Song by Dalida

from the album Les p'tits mots
- Language: French
- Released: April 20, 1983
- Recorded: 1983
- Studio: CBE
- Genre: Chanson; synth-pop;
- Length: 3:30
- Label: International Shows
- Composer: Jeff Barnel
- Lyricist: Michel Jouveaux
- Producer: Orlando

= Mourir sur scène =

1983 song by Dalida

"Mourir sur scène" is a 1983 song by Dalida, written by Michel Jouveaux and Jeff Barnel, and is often recognized as her most iconic late-career song. Today, it is widely considered to be one of the most popular French songs in music history.

The song, not anticipated as a success, was published in the B-side of the album Les p'tits mots, released in 1983. Due to the song's success, however, it would become a staple of Dalida's live repertoire until her final concert in 1987.

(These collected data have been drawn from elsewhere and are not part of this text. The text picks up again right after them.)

lemma copy_tails_meet:
  assumes "block m p P" "block m p P'" "p + 12 * k \<le> m" "t < k" "t' < k"
    and "v \<in> set (butlast (copy m t P))" "v \<in> set (butlast (copy m t' P'))"
  shows "t = t' \<and> set (butlast P) \<inter> set (butlast P') \<noteq> {}"
proof -
  obtain u where u: "u \<in> set (butlast P)" "v = shift m (int (12 * t)) u"
      "p + 12 * t \<le> snd v" "snd v \<le> p + 11 + 12 * t"
    using copy_tailE[OF assms(1,3,4,6)] by blast
  obtain u' where u': "u' \<in> set (butlast P')" "v = shift m (int (12 * t')) u'"
      "p + 12 * t' \<le> snd v" "snd v \<le> p + 11 + 12 * t'"
    using copy_tailE[OF assms(2,3,5,7)] by blast
  have t: "t = t'" using u(3,4) u'(3,4) by linarith
  have "u \<in> verts m" "u' \<in> verts m"
    using u(1) u'(1) block_verts[OF assms(1)] block_verts[OF assms(2)] by (auto dest: in_set_butlastD)
  then have "u = u'" using u(2) u'(2) t inj_onD[OF shift_inj_on] by metis
  then show ?thesis using t u(1) u'(1) by blast
qed

lemma copy_arcs_meet:
  assumes "block m p P" "block m p P'" "p + 12 * k \<le> m" "t < k" "t' < k"
    and "e \<in> walk_arcs (copy m t P)" "e \<in> walk_arcs (copy m t' P')"
  shows "t = t' \<and> walk_arcs P \<inter> walk_arcs P' \<noteq> {}"
proof -
  obtain a c where ac: "(a, c) \<in> walk_arcs P" "e = (shift m (int (12 * t)) a, shift m (int (12 * t)) c)"
    using assms(6) by (auto simp: copy_def walk_arcs_map)
  obtain a' c' where ac': "(a', c') \<in> walk_arcs P'" "e = (shift m (int (12 * t')) a', shift m (int (12 * t')) c')"
    using assms(7) by (auto simp: copy_def walk_arcs_map)
  have "fst e \<in> set (butlast (copy m t P))" "fst e \<in> set (butlast (copy m t' P'))"
    using assms(6,7) walk_arcs_memD by (metis prod.collapse)+
  then have t: "t = t'" using copy_tails_meet[OF assms(1-5)] by blast
  have "a \<in> verts m" "c \<in> verts m" "a' \<in> verts m" "c' \<in> verts m"
    using walk_arcs_memD ac(1) ac'(1) block_verts[OF assms(1)] block_verts[OF assms(2)]
    by (meson in_set_butlastD subsetD)+
  then have "a = a'" "c = c'" using ac(2) ac'(2) t inj_onD[OF shift_inj_on] by (metis prod.inject)+
  then show ?thesis using t ac(1) ac'(1) by blast
qed

lemma distinct_copy_tails:
  assumes "block m p P" "p + 12 * k \<le> m"
  shows "distinct (concat (map butlast (copies m k P)))"
  using assms(2)
proof (induction k)
  case (Suc k)
  have "distinct (butlast P)" using assms(1) by (simp add: block_def dipath_def distinct_butlast)
  moreover have "set (butlast P) \<subseteq> verts m"
    using block_verts[OF assms(1)] by (auto dest: in_set_butlastD)
  then have "inj_on (shift m (int (12 * k))) (set (butlast P))"
    by (rule inj_on_subset[OF shift_inj_on])
  ultimately have "distinct (butlast (copy m k P))"
    by (simp add: copy_def map_butlast[symmetric] distinct_map)
  moreover have "set (butlast (copy m k P)) \<inter> set (butlast (copy m t P)) = {}" if "t < k" for t
    using copy_tails_meet[OF assms(1) assms(1) Suc.prems lessI less_SucI[OF that]] that by blast
  ultimately show ?case using Suc by (simp add: copies_Suc copies_def) fastforce
qed simp
(* Let $f:\mathbb{R}\to\mathbb{R}$ be such that $f(s)$ and $f'(s)s$ have $\alpha_0$-critical growth at $\pm\infty$ for some $\alpha_0\in(0,\omega)$, and assume: (f1) $f$ is $C^1$, odd, convex on $\mathbb{R}^+$, and $\lim_{s\to0}f(s)/s=0$; (f2) $s\mapsto s^{-1}f(s)$ is increasing for $s>0$; (f3) there are $q>2$, $C_q>0$ with $F(s)\ge C_q|s|^q$ for all $s$, where $F(s)=\int_0^sf(\sigma)d\sigma$; (AR) there is $\theta>2$ with $\theta F(s)\le sf(s)$ for all $s$. Then there is $\rho_0>0$ such that for every sequence $(u_n)\subset H^{1/2}(\mathbb{R})$ with $u_n\rightharpoonup u$ weakly in $H^{1/2}(\mathbb{R})$ and $\|u_n\|<\rho_0$ for all $n$, as $n\to\infty$, $$\int_{\mathbb{R}}f(u_n)u_n\,dx=\int_{\mathbb{R}}f(u_n-u)(u_n-u)\,dx+\int_{\mathbb{R}}f(u)u\,dx+o(1),$$ $$\int_{\mathbb{R}}F(u_n)\,dx=\int_{\mathbb{R}}F(u_n-u)\,dx+\int_{\mathbb{R}}F(u)\,dx+o(1).$$
   Context: $H^{1/2}(\mathbb{R})=\{u\in L^2(\mathbb{R}):\int_{\mathbb{R}^2}\frac{(u(x)-u(y))^2}{|x-y|^2}dx\,dy<\infty\}$ with norm $\|u\|^2=\|u\|_{L^2}^2+\int_{\mathbb{R}^2}\frac{(u(x)-u(y))^2}{|x-y|^2}dx\,dy$. The constant $\omega\in(0,\pi]$ is one for which Ozawa's inequality holds: for every $\alpha\in(0,\omega)$ there is $H_\alpha>0$ with $\int_{\mathbb{R}}(e^{\alpha u^2}-1)dx\le H_\alpha\|u\|_{L^2}^2$ whenever $\frac{1}{2\pi}\int_{\mathbb{R}^2}\frac{(u(x)-u(y))^2}{|x-y|^2}dxdy\le1$. A function $g$ has $\alpha_0$-critical growth at $\pm\infty$ if $\limsup_{s\to\pm\infty}\frac{g(s)}{e^{\alpha s^2}-1}=0$ for all $\alpha>\alpha_0$ and $=\pm\infty$ for all $\alpha<\alpha_0$. *)

theory Defs
  imports "HOL-Analysis.Analysis"
begin

text \<open>Gagliardo seminorm (squared): the double integral over R^2, as an extended
  nonnegative real (the diagonal x = y is a null set).\<close>
definition gagliardo :: "(real \<Rightarrow> real) \<Rightarrow> ennreal" where
  "gagliardo u = (\<integral>\<^sup>+ z. ennreal ((u (fst z) - u (snd z))^2 / (fst z - snd z)^2) \<partial>(lborel \<Otimes>\<^sub>M lborel))"

definition H12 :: "(real \<Rightarrow> real) set" where
  "H12 = {u. u \<in> borel_measurable lborel \<and> integrable lborel (\<lambda>x. (u x)^2) \<and> gagliardo u < \<infinity>}"

definition H12_norm :: "(real \<Rightarrow> real) \<Rightarrow> real" where
  "H12_norm u = sqrt ((\<integral>x. (u x)^2 \<partial>lborel) + enn2real (gagliardo u))"

definition H12_dual :: "((real \<Rightarrow> real) \<Rightarrow> real) set" where
  "H12_dual = {L. (\<forall>v\<in>H12. \<forall>w\<in>H12. \<forall>a b::real. L (\<lambda>x. a * v x + b * w x) = a * L v + b * L w)
                 \<and> (\<exists>C. \<forall>v\<in>H12. \<bar>L v\<bar> \<le> C * H12_norm v)}"

definition H12_weak_conv :: "(nat \<Rightarrow> real \<Rightarrow> real) \<Rightarrow> (real \<Rightarrow> real) \<Rightarrow> bool" where
  "H12_weak_conv un u \<longleftrightarrow> (\<forall>n. un n \<in> H12) \<and> u \<in> H12 \<and>
     (\<forall>L\<in>H12_dual. (\<lambda>n. L (un n)) \<longlonglongrightarrow> L u)"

Dalida released multiple translations of "Mourir sur scène", including "Born to Sing" in English, released as a single in the United Kingdom in 1984; "Quando nasce un nuovo amore" ("When a New Love Is Born") in Italian; and "Morir cantando" ("To Die Singing") in Spanish.

Ajda Pekkan covered the song in Turkish in 1985 as "Bir gece sahnesi" ("One Night on the Stage"). Shirley Bassey covered the English version "Born to Sing" in 1986.